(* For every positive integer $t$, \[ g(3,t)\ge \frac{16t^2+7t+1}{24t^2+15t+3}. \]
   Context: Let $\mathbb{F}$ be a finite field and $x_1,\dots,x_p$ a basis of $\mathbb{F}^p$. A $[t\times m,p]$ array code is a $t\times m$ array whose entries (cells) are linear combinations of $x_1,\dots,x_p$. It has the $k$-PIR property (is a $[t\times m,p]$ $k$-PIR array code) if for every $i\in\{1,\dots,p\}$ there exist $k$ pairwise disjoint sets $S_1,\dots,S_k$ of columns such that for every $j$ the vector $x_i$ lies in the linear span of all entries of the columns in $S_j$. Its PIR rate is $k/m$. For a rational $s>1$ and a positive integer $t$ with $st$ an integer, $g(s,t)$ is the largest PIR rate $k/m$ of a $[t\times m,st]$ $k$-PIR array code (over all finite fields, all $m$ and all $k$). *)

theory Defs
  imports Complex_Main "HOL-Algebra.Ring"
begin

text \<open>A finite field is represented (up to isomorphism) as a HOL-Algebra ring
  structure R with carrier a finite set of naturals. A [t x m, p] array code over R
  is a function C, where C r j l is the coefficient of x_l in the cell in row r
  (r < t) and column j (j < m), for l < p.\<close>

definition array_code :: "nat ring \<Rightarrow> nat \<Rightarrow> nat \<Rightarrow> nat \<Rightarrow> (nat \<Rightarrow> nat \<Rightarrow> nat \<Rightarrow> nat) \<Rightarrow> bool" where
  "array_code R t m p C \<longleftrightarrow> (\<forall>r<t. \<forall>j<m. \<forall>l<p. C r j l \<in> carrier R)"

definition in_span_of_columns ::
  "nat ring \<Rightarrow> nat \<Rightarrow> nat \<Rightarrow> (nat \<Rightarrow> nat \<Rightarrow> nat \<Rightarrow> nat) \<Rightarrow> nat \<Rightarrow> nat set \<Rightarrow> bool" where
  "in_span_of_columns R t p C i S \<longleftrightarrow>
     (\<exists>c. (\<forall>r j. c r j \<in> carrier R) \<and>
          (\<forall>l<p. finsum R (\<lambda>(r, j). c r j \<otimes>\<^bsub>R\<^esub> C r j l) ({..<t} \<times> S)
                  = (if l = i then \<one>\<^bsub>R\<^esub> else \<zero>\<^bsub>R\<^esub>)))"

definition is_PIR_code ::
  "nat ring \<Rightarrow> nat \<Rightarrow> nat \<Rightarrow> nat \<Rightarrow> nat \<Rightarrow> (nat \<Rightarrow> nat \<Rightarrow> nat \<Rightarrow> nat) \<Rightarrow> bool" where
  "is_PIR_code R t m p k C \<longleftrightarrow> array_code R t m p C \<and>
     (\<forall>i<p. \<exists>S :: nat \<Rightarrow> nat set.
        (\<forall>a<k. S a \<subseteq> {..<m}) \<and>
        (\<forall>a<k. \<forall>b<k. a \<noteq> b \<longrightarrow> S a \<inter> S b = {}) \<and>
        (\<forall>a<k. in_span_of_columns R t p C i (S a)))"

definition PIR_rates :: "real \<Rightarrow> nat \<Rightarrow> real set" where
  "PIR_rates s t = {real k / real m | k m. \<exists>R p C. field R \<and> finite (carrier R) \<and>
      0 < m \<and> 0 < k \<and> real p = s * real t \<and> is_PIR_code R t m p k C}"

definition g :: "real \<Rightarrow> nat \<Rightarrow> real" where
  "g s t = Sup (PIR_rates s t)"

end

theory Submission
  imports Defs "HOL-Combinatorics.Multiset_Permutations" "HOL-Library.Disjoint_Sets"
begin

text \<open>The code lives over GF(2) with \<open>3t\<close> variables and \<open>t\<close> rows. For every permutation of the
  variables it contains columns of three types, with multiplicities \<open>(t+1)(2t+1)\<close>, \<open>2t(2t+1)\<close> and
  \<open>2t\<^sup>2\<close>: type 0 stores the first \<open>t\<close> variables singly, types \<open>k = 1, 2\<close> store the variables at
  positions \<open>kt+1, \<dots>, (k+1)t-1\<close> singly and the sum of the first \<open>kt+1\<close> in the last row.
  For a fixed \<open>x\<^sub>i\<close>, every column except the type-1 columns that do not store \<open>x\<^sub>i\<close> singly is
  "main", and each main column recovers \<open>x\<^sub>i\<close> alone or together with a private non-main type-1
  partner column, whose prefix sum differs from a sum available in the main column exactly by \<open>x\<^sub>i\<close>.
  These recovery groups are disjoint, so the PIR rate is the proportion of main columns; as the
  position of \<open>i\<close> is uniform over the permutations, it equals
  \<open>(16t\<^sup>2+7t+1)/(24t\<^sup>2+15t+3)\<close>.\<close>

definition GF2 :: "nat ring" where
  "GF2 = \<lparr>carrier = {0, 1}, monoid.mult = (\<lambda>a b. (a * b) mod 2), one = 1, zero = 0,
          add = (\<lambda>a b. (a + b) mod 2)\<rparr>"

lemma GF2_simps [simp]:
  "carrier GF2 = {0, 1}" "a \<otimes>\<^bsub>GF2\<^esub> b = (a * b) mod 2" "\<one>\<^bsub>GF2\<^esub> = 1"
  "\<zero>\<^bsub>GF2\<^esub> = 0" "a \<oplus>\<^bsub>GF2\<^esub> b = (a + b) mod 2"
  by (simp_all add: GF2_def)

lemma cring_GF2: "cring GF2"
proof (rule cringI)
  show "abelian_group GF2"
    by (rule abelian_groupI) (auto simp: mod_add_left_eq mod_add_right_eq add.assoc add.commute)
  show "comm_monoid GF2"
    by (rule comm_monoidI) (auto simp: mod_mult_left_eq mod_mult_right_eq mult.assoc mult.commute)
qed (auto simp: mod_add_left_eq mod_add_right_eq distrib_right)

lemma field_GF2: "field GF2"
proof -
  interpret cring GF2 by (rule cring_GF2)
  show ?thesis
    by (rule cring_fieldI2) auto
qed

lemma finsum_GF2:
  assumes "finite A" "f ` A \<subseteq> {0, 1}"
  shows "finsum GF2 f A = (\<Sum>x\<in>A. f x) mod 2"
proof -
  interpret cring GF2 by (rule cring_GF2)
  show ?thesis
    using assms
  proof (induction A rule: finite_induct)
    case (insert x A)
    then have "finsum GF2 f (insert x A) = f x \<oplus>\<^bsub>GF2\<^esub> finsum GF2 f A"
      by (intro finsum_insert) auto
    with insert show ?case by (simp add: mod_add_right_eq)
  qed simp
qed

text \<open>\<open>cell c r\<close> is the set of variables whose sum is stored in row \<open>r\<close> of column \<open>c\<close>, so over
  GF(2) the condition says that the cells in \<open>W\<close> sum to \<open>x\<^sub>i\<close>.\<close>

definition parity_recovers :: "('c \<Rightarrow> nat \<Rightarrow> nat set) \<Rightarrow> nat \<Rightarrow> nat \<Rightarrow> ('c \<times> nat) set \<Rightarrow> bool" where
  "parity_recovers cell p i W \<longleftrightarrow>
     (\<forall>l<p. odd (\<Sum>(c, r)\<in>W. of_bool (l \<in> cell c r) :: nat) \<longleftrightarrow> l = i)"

____________

▶ ACTIVITY
Determine the number of lines in these entries that contain the word "exists", and write only that number.

▶ FINISHED TASK
3